▸ DATA IN THIS EXERCISE:
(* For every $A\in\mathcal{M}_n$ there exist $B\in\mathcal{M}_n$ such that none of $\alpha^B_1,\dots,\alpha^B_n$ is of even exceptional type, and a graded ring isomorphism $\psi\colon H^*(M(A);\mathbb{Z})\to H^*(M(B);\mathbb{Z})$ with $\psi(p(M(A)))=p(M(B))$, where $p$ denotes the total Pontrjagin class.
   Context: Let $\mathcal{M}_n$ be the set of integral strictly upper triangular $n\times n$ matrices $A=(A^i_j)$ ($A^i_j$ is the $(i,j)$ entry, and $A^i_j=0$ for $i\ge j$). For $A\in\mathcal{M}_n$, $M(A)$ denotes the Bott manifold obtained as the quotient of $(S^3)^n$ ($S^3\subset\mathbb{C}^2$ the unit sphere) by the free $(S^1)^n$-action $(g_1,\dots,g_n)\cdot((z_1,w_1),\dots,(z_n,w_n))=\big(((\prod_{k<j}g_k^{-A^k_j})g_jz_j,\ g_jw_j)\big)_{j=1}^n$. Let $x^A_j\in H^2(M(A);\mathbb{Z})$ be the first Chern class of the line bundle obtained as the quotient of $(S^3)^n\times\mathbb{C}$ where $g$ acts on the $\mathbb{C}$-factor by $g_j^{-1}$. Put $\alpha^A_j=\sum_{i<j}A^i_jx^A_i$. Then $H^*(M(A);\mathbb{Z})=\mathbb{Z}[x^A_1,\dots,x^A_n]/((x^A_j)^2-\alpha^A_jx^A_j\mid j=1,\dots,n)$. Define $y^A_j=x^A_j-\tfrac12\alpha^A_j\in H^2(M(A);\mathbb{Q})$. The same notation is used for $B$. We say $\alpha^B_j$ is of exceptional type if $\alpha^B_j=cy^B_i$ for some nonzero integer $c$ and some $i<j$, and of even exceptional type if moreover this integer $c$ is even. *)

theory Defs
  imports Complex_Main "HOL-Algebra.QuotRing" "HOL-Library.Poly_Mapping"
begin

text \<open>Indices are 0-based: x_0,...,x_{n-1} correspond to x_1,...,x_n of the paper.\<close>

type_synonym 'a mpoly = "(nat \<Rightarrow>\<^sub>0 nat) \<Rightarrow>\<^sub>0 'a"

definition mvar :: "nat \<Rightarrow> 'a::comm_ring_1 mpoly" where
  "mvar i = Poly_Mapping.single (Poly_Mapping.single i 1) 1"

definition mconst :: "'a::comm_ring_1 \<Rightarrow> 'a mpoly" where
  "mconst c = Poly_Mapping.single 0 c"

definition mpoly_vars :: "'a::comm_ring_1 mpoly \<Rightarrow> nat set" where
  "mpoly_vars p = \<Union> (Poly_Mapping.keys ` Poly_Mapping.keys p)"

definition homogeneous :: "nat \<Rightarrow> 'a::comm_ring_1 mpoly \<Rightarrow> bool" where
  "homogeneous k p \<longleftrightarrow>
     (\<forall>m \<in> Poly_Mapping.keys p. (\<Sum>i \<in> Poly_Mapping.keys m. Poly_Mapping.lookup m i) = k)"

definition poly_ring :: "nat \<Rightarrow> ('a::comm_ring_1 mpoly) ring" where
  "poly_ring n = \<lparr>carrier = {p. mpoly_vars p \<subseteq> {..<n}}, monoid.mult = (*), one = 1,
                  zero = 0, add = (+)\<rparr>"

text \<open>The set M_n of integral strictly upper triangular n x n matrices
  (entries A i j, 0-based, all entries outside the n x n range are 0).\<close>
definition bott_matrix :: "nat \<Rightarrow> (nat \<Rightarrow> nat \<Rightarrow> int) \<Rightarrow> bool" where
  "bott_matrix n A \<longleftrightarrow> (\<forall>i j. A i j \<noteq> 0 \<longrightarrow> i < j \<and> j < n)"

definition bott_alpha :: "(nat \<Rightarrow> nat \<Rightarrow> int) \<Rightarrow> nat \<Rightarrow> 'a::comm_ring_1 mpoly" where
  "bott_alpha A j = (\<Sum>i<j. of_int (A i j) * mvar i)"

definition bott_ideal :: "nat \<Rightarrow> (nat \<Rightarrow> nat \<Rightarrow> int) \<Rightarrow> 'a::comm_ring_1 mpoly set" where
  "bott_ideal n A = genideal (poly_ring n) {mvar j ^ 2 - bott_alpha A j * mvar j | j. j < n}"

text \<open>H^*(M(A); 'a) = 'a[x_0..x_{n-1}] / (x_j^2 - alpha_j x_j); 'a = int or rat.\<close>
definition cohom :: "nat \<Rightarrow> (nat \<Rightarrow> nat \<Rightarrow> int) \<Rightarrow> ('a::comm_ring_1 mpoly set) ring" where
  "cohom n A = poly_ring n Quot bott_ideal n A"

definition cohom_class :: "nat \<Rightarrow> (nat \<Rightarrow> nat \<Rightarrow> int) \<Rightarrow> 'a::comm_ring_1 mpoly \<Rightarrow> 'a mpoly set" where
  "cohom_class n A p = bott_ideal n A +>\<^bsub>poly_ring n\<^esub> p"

▸ TASK TO COMPLETE: Look for the word "mconst" in the listing above and state how many lines have it; give the number and nothing else.

▸ EXPECTED ANSWER: 2